The term "Dialectic" means "the art or practice of arriving at the truth by using conversation involving question and answer." For this unit the dialectical journal is a means of maintaining a running dialogue with the text. It can be seen as a series of conversations with the text as we read Lord of the Flies. The process is meant to help students track the changes and processes of speech communities and other themes and symbols within the novel in order to gain a better understanding of how William Golding develops these ideas. The journal can and should incorporate personal responses to the text, ideas about the themes of the novel, as well as responses to specific quotes from the text. Students should find the dialectical journal a useful way to process what they've read, to track the development of character, to prepare for group discussion, and to gather textual evidence for their final oration.

Oration

For the Greeks, the culminating exercises of a rhetorical education were practice speeches known as declamations. Similarly, at the end of this unit students will put their learning to use as they craft and deliver an oration as one of the principal characters from the novel, attempting to persuade the other boys on the island to take some form of action. Orations will be evaluated for Invention, Arrangement, Style, and Delivery (IASMAD), as well as for Arrangement, Need, Satisfaction, Visualization, and Action (ANSVA).

SOAPSTone

Rhetoric, whether crafted as a message to be written on the page or to be spoken to an audience, is most importantly about choice. Key considerations are always "Why has the author or speaker chosen to use this strategy over any other?

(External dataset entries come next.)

(* Let $(G,\precsim)$ be a compatible quasi-ordered abelian group such that $G^o$ is a direct summand of $G$ with complement $F$. Then $(F,\precsim|_F)$ is canonically isomorphic (via $f\mapsto f+G^o$) to the valued part $(G/G^o,\precsim)$ of $(G,\precsim)$, and the map $G^o\times F\to G$, $(a,f)\mapsto a+f$, is an isomorphism of quasi-ordered groups from $(G^o,\precsim|_{G^o})\boxtimes(F,\precsim|_F)$ onto $(G,\precsim)$.
   Context: A compatible quasi-ordered abelian group is an abelian group $G$ with a total quasi-order $\precsim$ (reflexive, transitive, any two elements comparable) such that, writing $a\sim b$ for $a\precsim b\wedge b\precsim a$: $(Q_1)$ $x\sim0\Rightarrow x=0$; $(Q_2)$ $x\precsim y\wedge y\not\sim z\Rightarrow x+z\precsim y+z$, for all $x,y,z$. With $cl(g)$ the $\sim$-class of $g$, $g$ is o-type if $cl(g)=\{g\}$ and $g$ is not of order $2$; $G^o$, the set of o-type elements, is a subgroup on which $\precsim$ is a group order. The valued part of $G$ is $G/G^o$ with the (valuational) quasi-order $g+G^o\precsim h+G^o\Leftrightarrow g-h\in G^o\vee(g-h\notin G^o\wedge g\precsim h)$. For an ordered abelian group $(A,\le)$ and an abelian group $F$ with a valuational quasi-order $\precsim_F$ (one of the form $a\precsim_F b\Leftrightarrow w(b)\le w(a)$ for a valuation $w$), the compatible product $(A,\le)\boxtimes(F,\precsim_F)$ is the group $A\times F$ with the quasi-order $(a,f)\precsim(a',f')\Leftrightarrow(f=f'=0\wedge a\le a')\vee(f'\neq0\wedge f\precsim_F f')$. An isomorphism of quasi-ordered groups is a group isomorphism $\phi$ with $x\precsim y\Leftrightarrow\phi(x)\precsim\phi(y)$. *)

theory Defs
  imports "HOL-Algebra.Algebra"
begin

text \<open>Abelian groups are written multiplicatively (HOL-Algebra convention):
  the group operation is \<open>\<otimes>\<close>, the neutral element \<open>\<one>\<close>.\<close>

definition qequiv :: "('a \<Rightarrow> 'a \<Rightarrow> bool) \<Rightarrow> 'a \<Rightarrow> 'a \<Rightarrow> bool" where
  "qequiv qo x y \<longleftrightarrow> qo x y \<and> qo y x"

text \<open>Compatible quasi-ordered abelian group: total quasi-order plus (Q1), (Q2).\<close>
definition cqo_group :: "('a, 'b) monoid_scheme \<Rightarrow> ('a \<Rightarrow> 'a \<Rightarrow> bool) \<Rightarrow> bool" where
  "cqo_group G qo \<longleftrightarrow> comm_group G
     \<and> (\<forall>x\<in>carrier G. qo x x)
     \<and> (\<forall>x\<in>carrier G. \<forall>y\<in>carrier G. \<forall>z\<in>carrier G. qo x y \<and> qo y z \<longrightarrow> qo x z)
     \<and> (\<forall>x\<in>carrier G. \<forall>y\<in>carrier G. qo x y \<or> qo y x)
     \<and> (\<forall>x\<in>carrier G. qequiv qo x \<one>\<^bsub>G\<^esub> \<longrightarrow> x = \<one>\<^bsub>G\<^esub>)
     \<and> (\<forall>x\<in>carrier G. \<forall>y\<in>carrier G. \<forall>z\<in>carrier G.
          qo x y \<and> \<not> qequiv qo y z \<longrightarrow> qo (x \<otimes>\<^bsub>G\<^esub> z) (y \<otimes>\<^bsub>G\<^esub> z))"

definition qclass :: "('a, 'b) monoid_scheme \<Rightarrow> ('a \<Rightarrow> 'a \<Rightarrow> bool) \<Rightarrow> 'a \<Rightarrow> 'a set" where
  "qclass G qo g = {h \<in> carrier G. qequiv qo h g}"

definition otype_part :: "('a, 'b) monoid_scheme \<Rightarrow> ('a \<Rightarrow> 'a \<Rightarrow> bool) \<Rightarrow> 'a set" where
  "otype_part G qo = {g \<in> carrier G. qclass G qo g = {g}
      \<and> \<not> (g \<noteq> \<one>\<^bsub>G\<^esub> \<and> g \<otimes>\<^bsub>G\<^esub> g = \<one>\<^bsub>G\<^esub>)}"
lemma monomial_mem:
  assumes "c = of_nat m" "monomial (\<lambda>_. 0) \<in> Q"
  shows "valid_index n \<beta> \<Longrightarrow> total_deg n \<beta> = d \<Longrightarrow> d \<le> m \<Longrightarrow> monomial \<beta> \<in> Q"
proof (induction d arbitrary: \<beta>)
  case 0
  then have "\<beta> = (\<lambda>_. 0)" by (intro total_deg_eq_0_imp_zero)
  then show ?case using assms(2) by simp
next
  case (Suc d)
  obtain k where k: "k \<in> {1..n}" "\<beta> k \<noteq> 0"
    using total_deg_pos_imp_index[of n \<beta>] Suc.prems(2) by auto
  define \<gamma> where "\<gamma> = \<beta>(k := \<beta> k - 1)"
  have \<beta>\<gamma>: "\<beta> = \<gamma>(k := \<gamma> k + 1)"
    using fun_upd_Suc_decomp[OF \<gamma>_def k(2)] .
  have "valid_index n \<gamma>" using Suc.prems(1) by (auto simp: valid_index_def \<gamma>_def)
  moreover have \<gamma>d: "total_deg n \<gamma> = d"
    using Suc.prems(2) unfolding \<beta>\<gamma> total_deg_fun_upd_Suc[OF k(1)] by simp
  ultimately have "monomial \<gamma> \<in> Q" using Suc by simp
  moreover have "opE1 n c k (monomial \<gamma>) = (\<lambda>\<alpha>. (of_nat d - c) * monomial \<beta> \<alpha>)"
    unfolding opE1_monomial \<gamma>d \<beta>\<gamma>[symmetric] by (rule refl)
  ultimately have "(\<lambda>\<alpha>. (of_nat d - c) * monomial \<beta> \<alpha>) \<in> Q"
    using opE1_mem[OF k(1)] by metis
  from scale_mem[OF this, of "1 / (of_nat d - c)"] show ?case
    using assms(1) Suc.prems(3) by simp
qed

lemma polys_deg_subset:
  assumes "c = of_nat m" "monomial (\<lambda>_. 0) \<in> Q"
  shows "polys_deg n m \<subseteq> Q"
proof
  fix g assume g: "g \<in> polys_deg n m"
  then have "g \<in> polys n" "finite {\<beta>. g \<beta> \<noteq> 0}" by (auto simp: polys_deg_def polys_def)
  have "monomial \<beta> \<in> Q" if "g \<beta> \<noteq> 0" for \<beta>
    using monomial_mem[OF assms] g that by (auto simp: polys_deg_def polys_def)
  then have "(\<lambda>\<alpha>. \<Sum>\<beta>\<in>{\<beta>. g \<beta> \<noteq> 0}. g \<beta> * monomial \<beta> \<alpha>) \<in> Q"
    using is_subspace_sum[OF subspace \<open>finite _\<close>] scale_mem by simp
  then show "g \<in> Q" using poly_eq_sum_monomials[OF \<open>g \<in> polys n\<close>] by simp
qed

end

theorem proposition8p3:
  fixes n :: nat and a :: complex and Q :: "cpoly set"
  assumes "n \<ge> 1"
    and "is_subspace n Q"
    and "fin_dim Q"
    and "Q \<noteq> {\<lambda>_. 0}"
    and "\<forall>X\<in>sl n. \<forall>f\<in>Q. rho n a X f \<in> Q"
  shows "\<exists>m::nat. m_of n a = of_nat m \<and> Q = polys_deg n m
           \<and> (\<forall>X\<in>sl n. \<forall>f\<in>Q. rho n a X f = dpi n m X f)"
proof -
  interpret invariant_subspace n "m_of n a" Q
    using assms(2,5) by unfold_locales (auto simp: rho_def)
  have "(\<lambda>_. 0) \<in> Q" using assms(2) by (simp add: is_subspace_def)
  then obtain f where "f \<in> Q" "f \<noteq> (\<lambda>_. 0)" using assms(4) by blast
  then have one: "monomial (\<lambda>_. 0) \<in> Q" by (rule monomial_0_mem)
  have "poly_degree n (monomial (\<lambda>_. 0)) 0"
    by (auto simp: poly_degree_def monomial_def total_deg_def)
  then obtain m where m: "m_of n a = of_nat m"
    using parameter_nat_above_degree[OF assms(1,3) one] by blast
  have "Q = polys_deg n m"
    using subset_polys_deg[OF assms(1,3) m] polys_deg_subset[OF m one] by (rule subset_antisym)
  moreover have "rho n a = dpi n m" by (simp add: rho_def dpi_def m)
  ultimately show ?thesis using m by (intro exI[of _ m]) simp
qed

end
lemma ldc_cost_le_ftp_cost_same_start:
  assumes "0 \<le> lam" "lam \<le> 1" "s1 \<le> s2" "set ps \<subseteq> {1, 2}"
  shows "ldc_cost lam (s1, s2) rs ps \<le> (1 + lam) * ftp_cost (s1, s2) rs ps + lam * (s2 - s1)"
  using ldc_cost_le_ftp_cost[OF assms(1,2,3,3,4)] by (simp add: matching_dist_self)

theorem theorem4:
  fixes lam s1 s2 :: real
  assumes "0 \<le> lam" and "lam \<le> 1" and "s1 \<le> s2"
  shows "\<exists>c \<ge> 0. \<forall>rs ps. length ps = length rs \<longrightarrow> set ps \<subseteq> {1, 2} \<longrightarrow>
           (let opt = opt_cost (s1, s2) rs;
                eta = ftp_cost (s1, s2) rs ps - opt;
                alg = ldc_cost lam (s1, s2) rs ps
            in alg \<le> (1 + lam) * (opt + eta) + c \<and>
               (lam > 0 \<longrightarrow> alg \<le> (1 + 1 / lam) * opt + c))"
proof -
  define c where "c = lam * (s2 - s1) + (if lam > 0 then (s2 - s1) / lam else 0)"
  have c_ge: "lam * (s2 - s1) \<le> c" "lam > 0 \<Longrightarrow> (s2 - s1) / lam \<le> c" and "c \<ge> 0"
    using assms by (simp_all add: c_def)
  have "ldc_cost lam (s1, s2) rs ps \<le> (1 + lam) * ftp_cost (s1, s2) rs ps + c"
    if "set ps \<subseteq> {1, 2}" for rs ps
    using ldc_cost_le_ftp_cost_same_start[OF assms that, of rs] c_ge(1) by linarith
  moreover have "ldc_cost lam (s1, s2) rs ps \<le> (1 + 1 / lam) * opt_cost (s1, s2) rs + c"
    if "lam > 0" for rs ps
    using ldc_cost_le_opt_cost[OF that assms(2,3), of rs ps] c_ge(2)[OF that] by linarith
  ultimately show ?thesis using \<open>c \<ge> 0\<close> by (intro exI[of _ c]) (auto simp: Let_def)
qed

end
lemma exists_halfspace_measure_ge:
  fixes V :: "'a::euclidean_space set"
  assumes "compact V" "0 \<le> \<rho>"
  shows "\<exists>e. norm e = 1 \<and> measure lebesgue V - (2 * \<rho>) ^ DIM('a)
    \<le> 2 * DIM('a) * measure lebesgue (V \<inter> {x. \<rho> \<le> (x - y) \<bullet> e})"
proof -
  define Q where "Q = cbox (y - \<rho> *\<^sub>R One) (y + \<rho> *\<^sub>R (One::'a))"
  define E where "E = (Basis :: 'a set) \<union> uminus ` Basis"
  define H where "H e = V \<inter> {x. \<rho> \<le> (x - y) \<bullet> e}" for e
  have "finite E" "E \<noteq> {}"
    unfolding E_def using nonempty_Basis by auto
  have "card E \<le> 2 * DIM('a)"
    unfolding E_def using card_Un_le[of "Basis :: 'a set" "uminus ` Basis"] card_image_le[of "Basis :: 'a set" uminus]
    by simp
  have H: "H e \<in> lmeasurable" for e
    unfolding H_def
    by (intro lmeasurable_compact compact_Int_closed assms(1) closed_Collect_le) (auto intro!: continuous_intros)
  have "V \<subseteq> Q \<union> (\<Union>e\<in>E. H e)"
  proof
    fix x assume "x \<in> V"
    show "x \<in> Q \<union> (\<Union>e\<in>E. H e)"
    proof (cases "x \<in> Q")
      case False
      then obtain i where i: "i \<in> Basis" "x \<bullet> i < y \<bullet> i - \<rho> \<or> y \<bullet> i + \<rho> < x \<bullet> i"
        unfolding Q_def mem_box by (auto simp: inner_diff_left inner_add_left inner_commute[of _ One] not_le)
      then have "x \<in> H (- i) \<or> x \<in> H i"
        using \<open>x \<in> V\<close> by (auto simp: H_def inner_diff_left)
      moreover have "i \<in> E" "- i \<in> E"
        unfolding E_def using i(1) by auto
      ultimately show ?thesis
        by blast
    qed simp
  qed
  moreover have "Q \<union> (\<Union>e\<in>E. H e) \<in> lmeasurable"
    using H \<open>finite E\<close> by (intro fmeasurable.Un fmeasurable.finite_UN) (auto simp: Q_def)
  ultimately have "measure lebesgue V \<le> measure lebesgue (Q \<union> (\<Union>e\<in>E. H e))"
    using fmeasurableD[OF lmeasurable_compact[OF assms(1)]] by (intro measure_mono_fmeasurable)
  also have "\<dots> \<le> measure lebesgue Q + (\<Sum>e\<in>E. measure lebesgue (H e))"
    using H \<open>finite E\<close> measure_UNION_le[of E H lebesgue]
    by (intro order_trans[OF measure_Un_le] add_left_mono) (auto simp: Q_def dest: fmeasurableD)
  finally have cover: "measure lebesgue V - (2 * \<rho>) ^ DIM('a) \<le> (\<Sum>e\<in>E. measure lebesgue (H e))"
    using measure_cbox_centred[OF assms(2), of y] by (simp add: Q_def)
  define M where "M = (MAX e\<in>E. measure lebesgue (H e))"
  obtain e where e: "e \<in> E" "measure lebesgue (H e) = M"
    using Max_in[of "(\<lambda>e. measure lebesgue (H e)) ` E"] \<open>finite E\<close> \<open>E \<noteq> {}\<close>
    unfolding M_def by fastforce
  have "(\<Sum>e\<in>E. measure lebesgue (H e)) \<le> card E * measure lebesgue (H e)"
    unfolding e(2) M_def by (intro sum_bounded_above Max_ge) (auto simp: \<open>finite E\<close>)
  also have "\<dots> \<le> 2 * DIM('a) * measure lebesgue (H e)"
    using \<open>card E \<le> 2 * DIM('a)\<close> by (intro mult_right_mono) auto
  finally have "measure lebesgue V - (2 * \<rho>) ^ DIM('a) \<le> 2 * DIM('a) * measure lebesgue (H e)"
    using cover by linarith
  moreover have "norm e = 1"
    using e(1) unfolding E_def by auto
  ultimately show ?thesis
    unfolding H_def by blast
qed

lemma exists_distortion_gain_ge_cube:
  fixes V :: "'a::euclidean_space set"
  assumes V: "compact V" "convex V" "y \<in> V" and "0 \<le> \<rho>"
  shows "\<exists>y'\<in>V. (measure lebesgue V - (2 * \<rho>) ^ DIM('a)) * \<rho>\<^sup>2
    \<le> 2 * DIM('a) * distortion_gain V y y'"
proof -
  define H where "H e = V \<inter> {x. \<rho> \<le> (x - y) \<bullet> e}" for e
  obtain e where "norm e = 1" and
    big: "measure lebesgue V - (2 * \<rho>) ^ DIM('a) \<le> 2 * DIM('a) * measure lebesgue (H e)"
    using exists_halfspace_measure_ge[OF V(1) \<open>0 \<le> \<rho>\<close>, of y] unfolding H_def by blast
  have "compact (H e)"
    unfolding H_def by (intro compact_Int_closed V(1) closed_Collect_le) (auto intro!: continuous_intros)
  moreover have "H e \<subseteq> V" "\<And>x. x \<in> H e \<Longrightarrow> \<rho> \<le> (x - y) \<bullet> e"
    by (auto simp: H_def)
  ultimately obtain y' where "y' \<in> V" and gain: "measure lebesgue (H e) * \<rho>\<^sup>2 \<le> distortion_gain V y y'"
    using exists_distortion_gain_ge[OF V] \<open>norm e = 1\<close> \<open>0 \<le> \<rho>\<close> by (metis order_refl)
  have "(measure lebesgue V - (2 * \<rho>) ^ DIM('a)) * \<rho>\<^sup>2 \<le> 2 * DIM('a) * measure lebesgue (H e) * \<rho>\<^sup>2"
    using big by (rule mult_right_mono) simp
  also have "\<dots> \<le> 2 * DIM('a) * distortion_gain V y y'"
    using gain by (simp add: mult.assoc)
  finally show ?thesis
    using \<open>y' \<in> V\<close> by blast
qed

lemma powr_volume_identity:
  fixes m :: real
  assumes "0 \<le> m"
  shows "(2/5) powr (2/3) / 40 * m powr (5/3) = m / 10 * ((m / 20) powr (1/3))\<^sup>2"
proof -
  have "((m / 20) powr (1/3))\<^sup>2 = (m / 20) powr (2/3)"
    using assms by (simp add: powr_realpow'[symmetric] powr_powr)
  have "(8::real) powr (2/3) = 4"
    using powr_powr[of 2 3 "2/3"] by simp
  have "(2/5) powr (2/3) * m powr (2/3) = (8 * (m / 20)) powr (2/3)"
    using assms by (simp add: powr_mult[symmetric])
  also have "\<dots> = 4 * (m / 20) powr (2/3)"
    using assms powr_mult[of 8 "m / 20" "2/3"] \<open>8 powr (2/3) = 4\<close> by simp
  finally have "(2/5) powr (2/3) * m powr (2/3) = 4 * (m / 20) powr (2/3)" .
  moreover have "m powr (5/3) = m * m powr (2/3)"
    using assms powr_add[of m 1 "2/3"] by simp
  ultimately show ?thesis
    using \<open>((m / 20) powr (1/3))\<^sup>2 = (m / 20) powr (2/3)\<close> by (simp add: mult_ac)
qed

lemma exists_distortion_gain_ge_volume_powr:
  fixes V :: "(real^3) set"
  assumes "compact V" "convex V" "y \<in> V"
  shows "\<exists>y'\<in>V. (2/5) powr (2/3) / 40 * measure lebesgue V powr (5/3) \<le> distortion_gain V y y'"
proof -
  define m where "m = measure lebesgue V"
  define \<rho> where "\<rho> = (m / 20) powr (1/3)"
  have "0 \<le> m"
    by (simp add: m_def)
  have "\<rho> ^ 3 = m / 20"
    using \<open>0 \<le> m\<close> by (simp add: \<rho>_def powr_realpow'[symmetric] powr_powr)
  obtain y' where "y' \<in> V" and gain: "(m - (2 * \<rho>) ^ 3) * \<rho>\<^sup>2 \<le> 6 * distortion_gain V y y'"
    using exists_distortion_gain_ge_cube[OF assms, of \<rho>] by (auto simp: \<rho>_def m_def)
  have "(2 * \<rho>) ^ 3 = 2 * m / 5"
    using \<open>\<rho> ^ 3 = m / 20\<close> by (simp add: power_mult_distrib)
  have "(m - (2 * \<rho>) ^ 3) * \<rho>\<^sup>2 = 6 * (m / 10 * \<rho>\<^sup>2)"
    unfolding \<open>(2 * \<rho>) ^ 3 = 2 * m / 5\<close> by (simp add: field_simps)
  also have "m / 10 * \<rho>\<^sup>2 = (2/5) powr (2/3) / 40 * m powr (5/3)"
    unfolding \<rho>_def using \<open>0 \<le> m\<close> by (rule powr_volume_identity[symmetric])
  finally have "(2/5) powr (2/3) / 40 * m powr (5/3) \<le> distortion_gain V y y'"
    using gain by linarith
  then show ?thesis
    using \<open>y' \<in> V\<close> unfolding m_def by blast
qed

theorem lemma3p1:
  fixes V :: "(real^3) set" and y :: "real^3"
  assumes "compact V" and "convex V" and "y \<in> interior V"
  shows "\<exists>y'\<in>V.
    integral V (\<lambda>x. (dist x y)\<^sup>2 - (min (dist x y) (dist x y'))\<^sup>2)
      \<ge> max ((2^2 * 3^3) / (5^2 * 10^3) * (SUP z\<in>frontier V. dist z y)\<^sup>2 * measure lebesgue V)
             (((2/5) powr (2/3) / 40) * (measure lebesgue V) powr (5/3))"
proof -
  define c\<^sub>1 where
    "c\<^sub>1 = (2^2 * 3^3) / (5^2 * 10^3) * (SUP z\<in>frontier V. dist z y)\<^sup>2 * measure lebesgue V"
  define c\<^sub>2 where "c\<^sub>2 = (2/5) powr (2/3) / 40 * measure lebesgue V powr (5/3)"
  have "y \<in> V"
    using assms(3) interior_subset by blast
  obtain z where z: "z \<in> frontier V" and farthest: "\<forall>x\<in>V. dist x y \<le> dist z y"
    using exists_farthest_frontier_point[OF assms] by blast
  have "frontier V \<subseteq> V"
    using assms(1) by (simp add: compact_imp_closed frontier_subset_closed)
  then have "(SUP p\<in>frontier V. dist p y) = dist z y"
    using z farthest by (intro cSup_eq_maximum) auto
  moreover obtain y\<^sub>1 where "y\<^sub>1 \<in> V"
    "(3/10) ^ 3 * ((1 - 2 * (3/10)) * dist z y)\<^sup>2 * measure lebesgue V \<le> distortion_gain V y y\<^sub>1"
    using exists_distortion_gain_ge_homothety[OF assms(1,2) \<open>y \<in> V\<close>, of z "3/10"] z farthest
      \<open>frontier V \<subseteq> V\<close> by auto
  ultimately have "c\<^sub>1 \<le> distortion_gain V y y\<^sub>1"
    by (simp add: c\<^sub>1_def power_mult_distrib power_divide)
  moreover obtain y\<^sub>2 where "y\<^sub>2 \<in> V" "c\<^sub>2 \<le> distortion_gain V y y\<^sub>2"
    unfolding c\<^sub>2_def using exists_distortion_gain_ge_volume_powr[OF assms(1,2) \<open>y \<in> V\<close>] by blast
  ultimately have "\<exists>y'\<in>V. max c\<^sub>1 c\<^sub>2 \<le> distortion_gain V y y'"
    using \<open>y\<^sub>1 \<in> V\<close> by (auto simp: max_def)
  then show ?thesis
    unfolding c\<^sub>1_def c\<^sub>2_def distortion_gain_def .
qed

end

What is the intended effect on the audience? How does this strategy help the author achieve a desired effect?" SOAPSTone (Speaker, Occasion, Audience, Purpose, Subject, Tone) is an acronym for a series of questions that students must consider to create or evaluate an argument.

Speaker

Who is the Speaker? A Speaker aims to create a particular persona. A persona, from the Greek word for mask, is the personality that the speaker projects and that from which the audience interprets. A speaker also has a real-life background though, a personal history. Both persona and personal history must be analyzed to arrive at a complete understanding of a speaker. When considering speaker, we are determining credibility, or ethos

Occasion

What is the Occasion? Occasion is much more than simple time and place. Students should consider that rhetoric always take place within a context that influences how the speaker understands, analyzes, and generates the persona, the appeals, and the subject matter material.

Audience

Who is the Audience? Once determined, the speaker or writer appeals to the audience through the three rhetorical appeals: ethos, pathos, and logos. It is important to note that audience groups can vary drastically and can fall into multiple categories. Most audiences are not homogeneous, and so, belief and value structures may differ amongst members of the same audience. Students should consider if the speaker is trying to reach all audience members equally or whether the discourse is aimed at persuading a particular segment of the audience only.

Purpose

What is the Purpose, Intent or Aim? "A rhetor's intention is what he or she wants to happen as a result of the text, what he or she wants the audience to believe or do after hearing or reading the text. In some rhetorical situations, the rhetor knows his or her intention right from the start; in other situations, the intention becomes clear as the text evolves." 44 Purposes may be explicit or implicit.

Subject

What is the Subject? The subjects of texts are often abstract, but they can also be concrete. When looking at concrete subject matter, it often helps to "look behind" the actual issue and try to assess the speaker's worldview, philosophies, assumptions —the abstracts behind the concrete. The subject is the issue or idea/at hand, not the character or specific situation.

Tone

What is the Tone or attitude of the speaker towards his subject and audience? This is not to be confused with mood, and students often need help generating terms to describe tone.